We had to have a nurse by him day and night for the last two years when he could not help himself. At that time, about seven years ago in 1998, we paid $70 per hour. His care used up nearly half of the family’s savings, but that is what it was there for.

Fortunately, the doctor prescribed medication that made him sleep a lot. We had nurses running shifts for 10 hours a day, seven days a week for a year, nearly two. They would move him around and wheel him out in the backyard in the days. We would try to read the newspaper to him and he would struggle to talk; his mouth was not opening and closing too well, he was getting weaker and weaker.

Then at 6:00 pm every day, the nurses made him lie down and put him in the bed and made him sleep. The nurses tried their best, but he used to get bedsores because he was lying down most of the time. His muscles wasted away and he went down to skin and bones.

Then his bones were pressing against his flesh and no matter what we did, like moving him from one side to the next, he got sores at all the pressure points like his shoulders and hips. Once those start, they don’t stop. We used to carry him to a doctor, but our neighbour was a doctor so he would come over sometimes to check him out.

He ended up with a chest cold, bronchial pneumonia. The doctor had come and looked at him and prescribed him medication. I spent the whole day trying to fill it. His breath kept getting shorter and shorter until it stopped. He died right there in the living room.

Shortly before my father died, my grandaunt, who was so vibrant even in her old age, quickly went down because she had an enlarged heart. I saw it on the x-ray that they did of her chest. She used to struggle to breathe. It went on like that until she was unconscious and we took her to the hospital where she regained consciousness, but she was not doing well and wanted to go home.

She had problems swallowing and they put in the tube. She was in there for three days. The doctors realised that they could not do much so they sent her home. We rented an oxygen cylinder, and moved her bed downstairs. We got the same nurses who looked after my father to go over to her. I used to watch them put the Suppligen, or whatever they were feeding her at the time, in a syringe and pump it through.

She lasted less than one week at home. She was 80 plus. I was there the morning that she died and had to leave. She died one hour afterwards.”

Family members were not the only ones whose deaths have affected him.

“I stopped at my former girlfriend’s mother’s house one evening on the way back from the country, it was about nine o’ clock. I had to be calling and calling her from the gate and, finally, she came and opened the door.

I saw that she was not doing well at all and I called the neighbours and my girlfriend, who headed out of town to be with her. They took her to the hospital in Falmouth and the next day while she was being transferred to the Cornwall Regional Hospital in an ambulance, she died. She was a smoker and had lung issues that led to a heart attack.

The father of that same girlfriend had cancer and eventually he was hospitalised in the Cornwall Regional Hospital and died.

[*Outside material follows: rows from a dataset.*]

(* Let $\beta>1$, $\alpha\in(1,2)$ and let $f:\mathbb{N}\times\mathbb{R}_+\to\mathbb{R}$ satisfy $f(1,\lambda)\asymp\lambda^\alpha$. Suppose there exist integers $n_k\nearrow\infty$ and $a_n=n^{1/\alpha}L(n)$ with $L$ slowly varying at $\infty$ such that for every $l\in\mathbb{N}$ and $\lambda>0$, \[n_k\log\Big(\mathbf{E}\Big[E^\omega\Big[\exp\Big(-\tfrac{\lambda}{a_{n_k}}(\eta_0-\mathbb{E}[\eta_0])\Big)\Big]^l\Big]\Big)\to f(l,\lambda)\quad\text{as }k\to\infty.\] Then for each $\lambda>0$ there exist constants $c,C$ depending only on $\lambda$ such that for all sufficiently large $k$ (independently of $l$) and all $l\in\mathbb{N}$, \[cl\ \le\ n_k\log\Big(\mathbf{E}\Big[E^\omega\Big[\exp\Big(-\tfrac{\lambda}{a_{n_k}}(\eta_0-\mathbb{E}[\eta_0])\Big)\Big]^l\Big]\Big)\ \le\ Cl^2.\]
   Context: Fix $\beta\ge1$ and a law $\pi$ on the set of probability measures on $(0,\infty)$. An environment $\omega=(\omega_x)_{x\in\mathbb{Z}}$ has law $\mathbf{P}:=\pi^{\otimes\mathbb{Z}}$ (expectation $\mathbf{E}$). Under the quenched law $P^\omega$ (expectation $E^\omega$), $\eta_0$ is a random variable with law $\omega_0$. The annealed law is $\mathbb{P}=\int P^\omega\,\mathbf{P}(d\omega)$ with expectation $\mathbb{E}$ (so $\mathbb{E}[\eta_0]=\mathbf{E}[\int u\,\omega_0(du)]$). $f(1,\lambda)\asymp\lambda^\alpha$ means $c'\lambda^\alpha\le f(1,\lambda)\le C'\lambda^\alpha$ for all $\lambda>0$, for some constants $0<c'\le C'<\infty$. *)

theory Defs
  imports "HOL-Probability.Probability"
begin

text \<open>State space of \<open>\<eta>\<^sub>0\<close>: the half-line (0,\<infinity>) with its Borel sets.\<close>
definition pos_line :: "real measure" where
  "pos_line = restrict_space borel {0<..}"

text \<open>Annealed mean \<open>\<bbbE>[\<eta>\<^sub>0] = \<^bold>E[\<integral> u \<omega>\<^sub>0(du)]\<close>, where \<open>\<pi>\<close> is the law of \<open>\<omega>\<^sub>0\<close>.\<close>
definition annealed_mean :: "real measure measure \<Rightarrow> real" where
  "annealed_mean \<pi> = (\<integral>\<mu>. (\<integral>u. u \<partial>\<mu>) \<partial>\<pi>)"

definition lap_moment :: "real measure measure \<Rightarrow> real \<Rightarrow> real \<Rightarrow> nat \<Rightarrow> real" where
  "lap_moment \<pi> a lam l =
     (\<integral>\<mu>. (\<integral>u. exp (- (lam / a) * (u - annealed_mean \<pi>)) \<partial>\<mu>) ^ l \<partial>\<pi>)"

definition slowly_varying :: "(real \<Rightarrow> real) \<Rightarrow> bool" where
  "slowly_varying L \<longleftrightarrow> (\<forall>\<^sub>F x in at_top. L x > 0) \<and>
     (\<forall>c>0. ((\<lambda>x. L (c * x) / L x) \<longlongrightarrow> 1) at_top)"

end

theory Submission
  imports Defs
begin
lemma sum_abs_bounded_by_left_inverse:
  fixes M B :: "nat \<Rightarrow> nat \<Rightarrow> real"
  assumes inverse: "\<And>d j. j \<le> r \<Longrightarrow> d j = (\<Sum>i\<le>r. B j i * (\<Sum>k\<le>r. M i k * d k))"
  obtains C where "C > 0" "\<And>d. (\<Sum>j\<le>r. \<bar>d j\<bar>) \<le> C * (\<Sum>i\<le>r. \<bar>\<Sum>k\<le>r. M i k * d k\<bar>)"
proof
  define C where "C = 1 + (\<Sum>j\<le>r. \<Sum>i\<le>r. \<bar>B j i\<bar>)"
  show "C > 0"
    unfolding C_def by (simp add: add_pos_nonneg sum_nonneg)
  fix d :: "nat \<Rightarrow> real"
  define w where "w i = (\<Sum>k\<le>r. M i k * d k)" for i
  define W where "W = (\<Sum>i\<le>r. \<bar>w i\<bar>)"
  have w_le: "\<bar>w i\<bar> \<le> W" if "i \<le> r" for i
    unfolding W_def using that by (intro member_le_sum) auto
  have "(\<Sum>j\<le>r. \<bar>d j\<bar>) \<le> (\<Sum>j\<le>r. \<Sum>i\<le>r. \<bar>B j i\<bar> * W)"
  proof (rule sum_mono)
    fix j
    assume "j \<in> {..r}"
    then have "\<bar>d j\<bar> = \<bar>\<Sum>i\<le>r. B j i * w i\<bar>"
      using inverse unfolding w_def by simp
    also have "\<dots> \<le> (\<Sum>i\<le>r. \<bar>B j i\<bar> * \<bar>w i\<bar>)"
      using sum_abs[of "\<lambda>i. B j i * w i"] by (simp add: abs_mult)
    also have "\<dots> \<le> (\<Sum>i\<le>r. \<bar>B j i\<bar> * W)"
      using w_le by (intro sum_mono mult_left_mono) auto
    finally show "\<bar>d j\<bar> \<le> (\<Sum>i\<le>r. \<bar>B j i\<bar> * W)" .
  qed
  also have "\<dots> = (C - 1) * W"
    unfolding C_def by (simp add: sum_distrib_right)
  also have "\<dots> \<le> C * W"
    unfolding W_def by (simp add: algebra_simps sum_nonneg)
  finally show "(\<Sum>j\<le>r. \<bar>d j\<bar>) \<le> C * (\<Sum>i\<le>r. \<bar>\<Sum>k\<le>r. M i k * d k\<bar>)"
    unfolding W_def w_def .
qed

lemma stab_matrix_bound:
  assumes I: "ref_integrator k I" and A1: "A1_k0 I r"
  obtains C where "C > 0" "\<And>d x. x \<in> {-1..1} \<Longrightarrow>
      \<bar>\<Sum>j\<le>r. d j * x ^ j\<bar> \<le> C * (\<Sum>i\<le>r. \<bar>\<Sum>j\<le>r. stab_matrix I i j * d j\<bar>)"
proof -
  obtain B where B: "\<And>d j. j \<le> r \<Longrightarrow> d j = (\<Sum>i\<le>r. B j i * (\<Sum>k\<le>r. stab_matrix I i k * d k))"
    using square_system_left_inverse[OF stab_matrix_injective[OF I A1]] by blast
  obtain C where C: "C > 0"
    "\<And>d. (\<Sum>j\<le>r. \<bar>d j\<bar>) \<le> C * (\<Sum>i\<le>r. \<bar>\<Sum>k\<le>r. stab_matrix I i k * d k\<bar>)"
    using sum_abs_bounded_by_left_inverse[OF B] by blast
  have "\<bar>\<Sum>j\<le>r. d j * x ^ j\<bar> \<le> C * (\<Sum>i\<le>r. \<bar>\<Sum>j\<le>r. stab_matrix I i j * d j\<bar>)"
    if "x \<in> {-1..1}" for d x
  proof -
    have "\<bar>\<Sum>j\<le>r. d j * x ^ j\<bar> \<le> (\<Sum>j\<le>r. \<bar>d j\<bar> * \<bar>x\<bar> ^ j)"
      using sum_abs[of "\<lambda>j. d j * x ^ j"] by (simp add: abs_mult power_abs)
    also have "\<dots> \<le> (\<Sum>j\<le>r. \<bar>d j\<bar>)"
      using that by (intro sum_mono mult_right_le_one_le power_le_one) auto
    finally show ?thesis
      using C(2) by (rule order.trans)
  qed
  with C(1) show ?thesis
    by (rule that)
qed

lemma sum_power_affine_coeffs:
  fixes c :: "nat \<Rightarrow> real"
  obtains d where "\<And>x. (\<Sum>j\<le>r. c j * (\<alpha> + \<beta> * x) ^ j) = (\<Sum>k\<le>r. d k * x ^ k)"
proof -
  define p where "p = (\<Sum>j\<le>r. Polynomial.smult (c j) ([:\<alpha>, \<beta>:] ^ j))"
  have "degree p \<le> r"
    unfolding p_def
    by (intro degree_sum_le order.trans[OF degree_smult_le] order.trans[OF degree_power_le]) auto
  then have p_monoms: "p = (\<Sum>k\<le>r. monom (coeff p k) k)"
    by (simp add: poly_as_sum_of_monoms')
  have "(\<Sum>j\<le>r. c j * (\<alpha> + \<beta> * x) ^ j) = (\<Sum>k\<le>r. coeff p k * x ^ k)" for x
  proof -
    have "(\<Sum>j\<le>r. c j * (\<alpha> + \<beta> * x) ^ j) = poly p x"
      unfolding p_def by (simp add: poly_sum algebra_simps)
    also have "\<dots> = (\<Sum>k\<le>r. coeff p k * x ^ k)"
      by (subst p_monoms) (simp add: poly_sum poly_monom)
    finally show ?thesis .
  qed
  then show ?thesis
    by (rule that)
qed

lemma sum_power_affine_deriv:
  fixes c d :: "nat \<Rightarrow> real"
  assumes "\<And>x. (\<Sum>j\<le>r. c j * (\<alpha> + \<beta> * x) ^ j) = (\<Sum>k\<le>r. d k * x ^ k)"
  shows "\<beta> * (\<Sum>j\<le>r. c j * (of_nat j * (\<alpha> + \<beta> * y) ^ (j - 1)))
    = (\<Sum>k\<le>r. d k * (of_nat k * y ^ (k - 1)))"
proof -
  have "((\<lambda>x. \<Sum>j\<le>r. c j * (\<alpha> + \<beta> * x) ^ j) has_real_derivative
      \<beta> * (\<Sum>j\<le>r. c j * (of_nat j * (\<alpha> + \<beta> * y) ^ (j - 1)))) (at y)"
    by (auto intro!: derivative_eq_intros simp: sum_distrib_left algebra_simps)
  moreover have "((\<lambda>x. \<Sum>j\<le>r. c j * (\<alpha> + \<beta> * x) ^ j) has_real_derivative
      (\<Sum>k\<le>r. d k * (of_nat k * y ^ (k - 1)))) (at y)"
    unfolding assms by (auto intro!: derivative_eq_intros simp: algebra_simps)
  ultimately show ?thesis
    by (rule DERIV_unique)
qed

lemma stab_matrix_pullback:
  assumes I: "ref_integrator k I"
    and d: "\<And>x. (\<Sum>j\<le>r. c j * Tmap a b x ^ j) = (\<Sum>k\<le>r. d k * x ^ k)"
  shows "(\<Sum>k\<le>r. stab_matrix I i k * d k)
    = (b - a) / 2 * I (\<lambda>y. (1 + y) ^ i * (\<Sum>j\<le>r. c j * (of_nat j * Tmap a b y ^ (j - 1))))
      + (if i = 0 then (\<Sum>j\<le>r. c j * a ^ j) else 0)"
proof -
  have d': "\<And>x. (\<Sum>j\<le>r. c j * ((b + a) / 2 + (b - a) / 2 * x) ^ j) = (\<Sum>k\<le>r. d k * x ^ k)"
    using d unfolding Tmap_def .
  have "I (\<lambda>y. (1 + y) ^ i * (\<Sum>k\<le>r. d k * (of_nat k * y ^ (k - 1))))
      = I (\<lambda>y. (b - a) / 2 * ((1 + y) ^ i * (\<Sum>j\<le>r. c j * (of_nat j * Tmap a b y ^ (j - 1)))))"
    unfolding Tmap_def sum_power_affine_deriv[OF d', symmetric] by (simp add: algebra_simps)
  also have "\<dots> = (b - a) / 2 * I (\<lambda>y. (1 + y) ^ i * (\<Sum>j\<le>r. c j * (of_nat j * Tmap a b y ^ (j - 1))))"
    unfolding Tmap_def
    by (intro ref_integrator_cmult[OF I]) (auto intro!: real_polynomial_function.intros(2-4)
        real_polynomial_function_power real_polynomial_function_sum real_polynomial_function_id)
  finally have integral_eq: "I (\<lambda>y. (1 + y) ^ i * (\<Sum>k\<le>r. d k * (of_nat k * y ^ (k - 1)))) = \<dots>" .
  have "Tmap a b (-1) = a"
    by (simp add: Tmap_def field_simps)
  then have value_eq: "(\<Sum>k\<le>r. d k * (-1) ^ k) = (\<Sum>j\<le>r. c j * a ^ j)"
    using d[of "-1"] by simp
  show ?thesis
    by (simp only: stab_matrix_row[OF I] integral_eq value_eq)
qed

definition stab_functional ::
  "((real \<Rightarrow> real) \<Rightarrow> real) \<Rightarrow> real \<Rightarrow> real \<Rightarrow> (real \<Rightarrow> 'a::euclidean_space) \<Rightarrow> nat \<Rightarrow> 'a" where
  "stab_functional I a b \<phi> i =
     local_int I a b (\<lambda>s. (1 + Tinv a b s) ^ i *\<^sub>R vector_derivative \<phi> (at s))
     + (if i = 0 then Lim (at_right a) \<phi> else 0)"

lemma inner_local_int:
  fixes F :: "real \<Rightarrow> 'a::euclidean_space"
  assumes "e \<in> Basis"
  shows "local_int I a b F \<bullet> e = (b - a) / 2 * I (\<lambda>x. F (Tmap a b x) \<bullet> e)"
  using assms unfolding local_int_def
  by (simp add: inner_sum_left inner_Basis if_distrib sum.delta cong: if_cong)

lemma inner_stab_functional:
  fixes c :: "nat \<Rightarrow> 'a::euclidean_space"
  assumes "a < b" and e: "e \<in> Basis"
  shows "stab_functional I a b (\<lambda>x. \<Sum>j\<le>r. x ^ j *\<^sub>R c j) i \<bullet> e
    = (b - a) / 2 * I (\<lambda>y. (1 + y) ^ i * (\<Sum>j\<le>r. (c j \<bullet> e) * (of_nat j * Tmap a b y ^ (j - 1))))
      + (if i = 0 then (\<Sum>j\<le>r. (c j \<bullet> e) * a ^ j) else 0)"
proof -
  define \<phi> where "\<phi> x = (\<Sum>j\<le>r. x ^ j *\<^sub>R c j)" for x
  have "(\<phi> has_vector_derivative (\<Sum>j\<le>r. (of_nat j * s ^ (j - 1)) *\<^sub>R c j)) (at s)" for s
    unfolding \<phi>_def has_vector_derivative_def
    by (auto intro!: derivative_eq_intros ext simp: scaleR_sum_right algebra_simps)
  then have derivative: "vector_derivative \<phi> (at s) = (\<Sum>j\<le>r. (of_nat j * s ^ (j - 1)) *\<^sub>R c j)" for s
    by (rule vector_derivative_at)
  have "Lim (at_right a) \<phi> = \<phi> a"
    unfolding \<phi>_def by (rule tendsto_Lim) (auto intro!: tendsto_intros)
  moreover have "Tinv a b (Tmap a b y) = y" for y
    using \<open>a < b\<close> unfolding Tmap_def Tinv_def by (simp add: divide_simps)
  ultimately show ?thesis
    unfolding stab_functional_def \<phi>_def[symmetric] inner_add_left inner_local_int[OF e] derivative
    by (simp add: \<phi>_def inner_sum_left algebra_simps)
qed

lemma stab_functional_bound:
  fixes \<phi> :: "real \<Rightarrow> 'a::euclidean_space" and C :: real
  assumes I: "ref_integrator k I" and "0 \<le> C"
    and C: "\<And>d x. x \<in> {-1..1} \<Longrightarrow>
      \<bar>\<Sum>j\<le>r. d j * x ^ j\<bar> \<le> C * (\<Sum>i\<le>r. \<bar>\<Sum>j\<le>r. stab_matrix I i j * d j\<bar>)"
    and "a < b" and \<phi>: "\<phi> \<in> vec_polys_le r" and s: "s \<in> {a<..b}"
  shows "norm (\<phi> s) \<le> real DIM('a) * C * (\<Sum>i\<le>r. norm (stab_functional I a b \<phi> i))"
proof -
  obtain c where \<phi>_eq: "\<phi> = (\<lambda>x. \<Sum>j\<le>r. x ^ j *\<^sub>R c j)"
    using \<phi> unfolding vec_polys_le_def by blast
  define x where "x = Tinv a b s"
  have x: "x \<in> {-1..1}"
    using s \<open>a < b\<close> unfolding x_def Tinv_def by (auto simp: divide_simps)
  have s_eq: "Tmap a b x = s"
    using \<open>a < b\<close> unfolding x_def Tinv_def Tmap_def by (simp add: field_simps)
  have component: "\<bar>\<phi> s \<bullet> e\<bar> \<le> C * (\<Sum>i\<le>r. norm (stab_functional I a b \<phi> i))"
    if e: "e \<in> Basis" for e
  proof -
    obtain d where d: "\<And>x. (\<Sum>j\<le>r. (c j \<bullet> e) * Tmap a b x ^ j) = (\<Sum>k\<le>r. d k * x ^ k)"
      using sum_power_affine_coeffs[where c="\<lambda>j. c j \<bullet> e" and \<alpha>="(b + a) / 2" and \<beta>="(b - a) / 2"]
      unfolding Tmap_def by blast
    have "\<bar>\<phi> s \<bullet> e\<bar> = \<bar>\<Sum>k\<le>r. d k * x ^ k\<bar>"
      unfolding \<phi>_eq d[symmetric] s_eq by (simp add: inner_sum_left mult.commute)
    also have "\<dots> \<le> C * (\<Sum>i\<le>r. \<bar>stab_functional I a b \<phi> i \<bullet> e\<bar>)"
      using C[OF x, of d] unfolding \<phi>_eq inner_stab_functional[OF \<open>a < b\<close> e]
        stab_matrix_pullback[OF I d] .
    also have "\<dots> \<le> C * (\<Sum>i\<le>r. norm (stab_functional I a b \<phi> i))"
      using \<open>0 \<le> C\<close> e by (intro mult_left_mono sum_mono Basis_le_norm)
    finally show ?thesis .
  qed
  have "norm (\<phi> s) \<le> (\<Sum>e\<in>Basis. \<bar>\<phi> s \<bullet> e\<bar>)"
    by (rule norm_le_l1)
  also have "\<dots> \<le> (\<Sum>e\<in>(Basis::'a set). C * (\<Sum>i\<le>r. norm (stab_functional I a b \<phi> i)))"
    using component by (rule sum_mono)
  finally show ?thesis
    by simp
qed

I never saw my nanny (who cared for him as a child) for many years until we got a message to say that her husband had died.

They were two old people living in a little house in the country by themselves and the neighbours did not know who to call. They only knew that she used to call me her godson and they found my number in the phone book. She was older than (her husband) and was sick for a long time and he did not take good care of her.

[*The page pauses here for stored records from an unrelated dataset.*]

(* Let $n=p_1^{\alpha_1}p_2^{\alpha_2}\cdots p_t^{\alpha_t}$ with primes $p_1<\cdots<p_t$, $t\ge1$, and all $\alpha_i\ge1$. Then $$\mathrm{IR}(X_n)\le\left(1+2\cdot\frac{p_1}{p_t}\cdot\frac{1}{p_1^{\alpha_1-1}p_2^{\alpha_2-1}\cdots p_t^{\alpha_t-1}}\right)\alpha(X_n).$$
   Context: $X_n$ is the graph on $\{0,\dots,n-1\}$ with $a,b$ adjacent iff $\gcd(a-b,n)=1$. $\alpha(G)$ is the independence number. A set $S$ is irredundant if every $v\in S$ has a private neighbor, i.e. a vertex in $N[v]\setminus N[S\setminus\{v\}]$ (closed neighborhoods); $\mathrm{IR}(G)$ is the maximum size of an irredundant set. *)

theory Defs
  imports Complex_Main "HOL-Computational_Algebra.Primes"
begin

text \<open>The graph X_n on {0,...,n-1}: a, b adjacent iff gcd(a-b, n) = 1.
  For n \<ge> 2 this relation is irreflexive since gcd(0,n) = n.\<close>
definition Xadj :: "nat \<Rightarrow> nat \<Rightarrow> nat \<Rightarrow> bool" where
  "Xadj n a b \<longleftrightarrow> a < n \<and> b < n \<and> gcd (int a - int b) (int n) = 1"

definition Xverts :: "nat \<Rightarrow> nat set" where
  "Xverts n = {0..<n}"

definition closed_nbhd :: "nat \<Rightarrow> nat \<Rightarrow> nat set" where
  "closed_nbhd n v = {v} \<union> {u \<in> Xverts n. Xadj n v u}"

definition closed_nbhd_set :: "nat \<Rightarrow> nat set \<Rightarrow> nat set" where
  "closed_nbhd_set n S = (\<Union>v\<in>S. closed_nbhd n v)"

definition independent :: "nat \<Rightarrow> nat set \<Rightarrow> bool" where
  "independent n S \<longleftrightarrow> S \<subseteq> Xverts n \<and> (\<forall>a\<in>S. \<forall>b\<in>S. \<not> Xadj n a b)"

definition irredundant :: "nat \<Rightarrow> nat set \<Rightarrow> bool" where
  "irredundant n S \<longleftrightarrow> S \<subseteq> Xverts n \<and>
     (\<forall>v\<in>S. closed_nbhd n v - closed_nbhd_set n (S - {v}) \<noteq> {})"

definition alpha_X :: "nat \<Rightarrow> nat" where
  "alpha_X n = Max (card ` {S. independent n S})"

definition IR_X :: "nat \<Rightarrow> nat" where
  "IR_X n = Max (card ` {S. irredundant n S})"

end

theory Submission
  imports Defs
begin

text \<open>Let \<open>p\<^sub>1\<close> and \<open>q\<close> be the smallest and largest prime factors of \<open>n\<close> and \<open>R\<close> the product of the
  prime factors other than \<open>q\<close>. The multiples of \<open>p\<^sub>1\<close> are independent, so \<open>\<alpha>(X\<^sub>n) \<ge> n/p\<^sub>1\<close>.
  Conversely, the vertices of an irredundant set \<open>S\<close> without a neighbour in \<open>S\<close> form an
  independent set, which has at most \<open>n/p\<^sub>1\<close> elements because its translates by
  \<open>0, \<dots>, p\<^sub>1 - 1\<close> are pairwise disjoint. Every other vertex of \<open>S\<close> has a private neighbour
  outside \<open>S\<close>, and this allows at most two of them in each residue class modulo \<open>R\<close>:
  given three, the privacy of one of them forces the other two to agree modulo \<open>q\<close> as well,
  so these two have the same neighbourhood, contradicting privacy again. Hence
  \<open>IR(X\<^sub>n) \<le> n/p\<^sub>1 + 2R\<close>, and \<open>n = q R \<prod> p\<^sub>i\<^bsup>\<alpha>\<^sub>i-1\<^esup>\<close> turns this into the claimed bound.\<close>

lemma gcd_eq_1_iff_no_prime_factor_dvd:
  fixes x :: int
  assumes "n \<noteq> 0"
  shows "gcd x (int n) = 1 \<longleftrightarrow> (\<forall>p\<in>prime_factors n. \<not> int p dvd x)"
proof
  assume g: "gcd x (int n) = 1"
  show "\<forall>p\<in>prime_factors n. \<not> int p dvd x"
  proof (intro ballI notI)
    fix p assume p: "p \<in> prime_factors n" and "int p dvd x"
    moreover have "int p dvd int n" using p by (simp add: in_prime_factors_imp_dvd)
    ultimately have "int p dvd gcd x (int n)" by (blast intro: gcd_greatest)
    then have "p = 1" using g by simp
    moreover have "prime p" using p by (rule in_prime_factors_imp_prime)
    ultimately show False by simp
  qed
next
  assume no_dvd: "\<forall>p\<in>prime_factors n. \<not> int p dvd x"
  show "gcd x (int n) = 1"
  proof (rule ccontr)
    assume "gcd x (int n) \<noteq> 1"
    then have "\<not> is_unit (gcd x (int n))" by simp
    moreover have "gcd x (int n) \<noteq> 0" using assms by simp
    ultimately obtain q where q: "prime q" "q dvd gcd x (int n)"
      using prime_divisor_exists by blast
    have q_eq: "int (nat q) = q" using q(1) by (simp add: prime_ge_0_int)
    have "nat q dvd n" using q(2) q_eq by (metis dvd_gcdD2 int_dvd_int_iff)
    then have "nat q \<in> prime_factors n" using q(1) assms by (simp add: prime_factorsI)
    moreover have "int (nat q) dvd x" using q(2) q_eq by simp
    ultimately show False using no_dvd by blast
  qed
qed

When my cousin and I went to look for her, she was in such a bad condition and barely knew anything. We cleaned her up, but the next day she died as well.”

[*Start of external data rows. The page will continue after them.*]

lemma phi_continuous:
  assumes cpo: "omega_cpo TYPE('x::order)"
    and s: "(s::('l,'x) sys) \<in> NIO Lam I Out" and i: "i \<in> I" and k: "k \<in> Out"
    and c: "omega_chain_on (I - {i}) c" and u: "lub_on (I - {i}) (range c) u"
  shows "omega_chain (\<lambda>n. phi s i k (c n))" and "is_lub (range (\<lambda>n. phi s i k (c n))) (phi s i k u)"
proof -
  let ?p = "\<lambda>n. phi s i k (c n)"
  have cE: "c n \<in> (I - {i}) \<rightarrow>\<^sub>E UNIV" for n using c by (simp add: omega_chain_on_def)
  have uE: "u \<in> (I - {i}) \<rightarrow>\<^sub>E UNIV" using u by (simp add: lub_on_def)
  show chain: "omega_chain ?p" unfolding omega_chain_def
    using phi_mono[OF cpo s i k cE cE] c by (simp add: omega_chain_on_def)
  then obtain l where l: "is_lub (range ?p) l" using cpo by (auto simp: omega_cpo_def)
  have "is_lub (range (\<lambda>n. fn s ((c n)(i := ?p n)) k)) (fn s (u(i := l)) k)"
    using NIO_cont_update[OF s i c u chain l] k unfolding lub_on_iff_componentwise
    by (simp add: image_image)
  hence "is_lub (range ?p) (fn s (u(i := l)) k)"
    by (simp add: phi_least_fixpoint(1)[OF cpo s i k cE])
  hence "fn s (u(i := l)) k = l" using l by (rule is_lub_unique)
  hence "phi s i k u \<le> l" by (simp add: phi_least_fixpoint(2)[OF cpo s i k uE])
  moreover have "l \<le> phi s i k u"
    using l phi_mono[OF cpo s i k cE uE] u by (auto simp: is_lub_def lub_on_def)
  ultimately show "is_lub (range ?p) (phi s i k u)" using l by simp
qed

Even today, he is still dealing with the trauma of coping with a terminally ill person, though not a family member.

“Weeks ago, my current girlfriend’s father had major surgery. I gave blood for him and visited him at home, when he was in the hospital, even in the intensive care unit.

They discharged him and he is home recovering slowly, but he does have a terminal disease. It is always difficult, but I am the man about the place, so I have to deal with it.”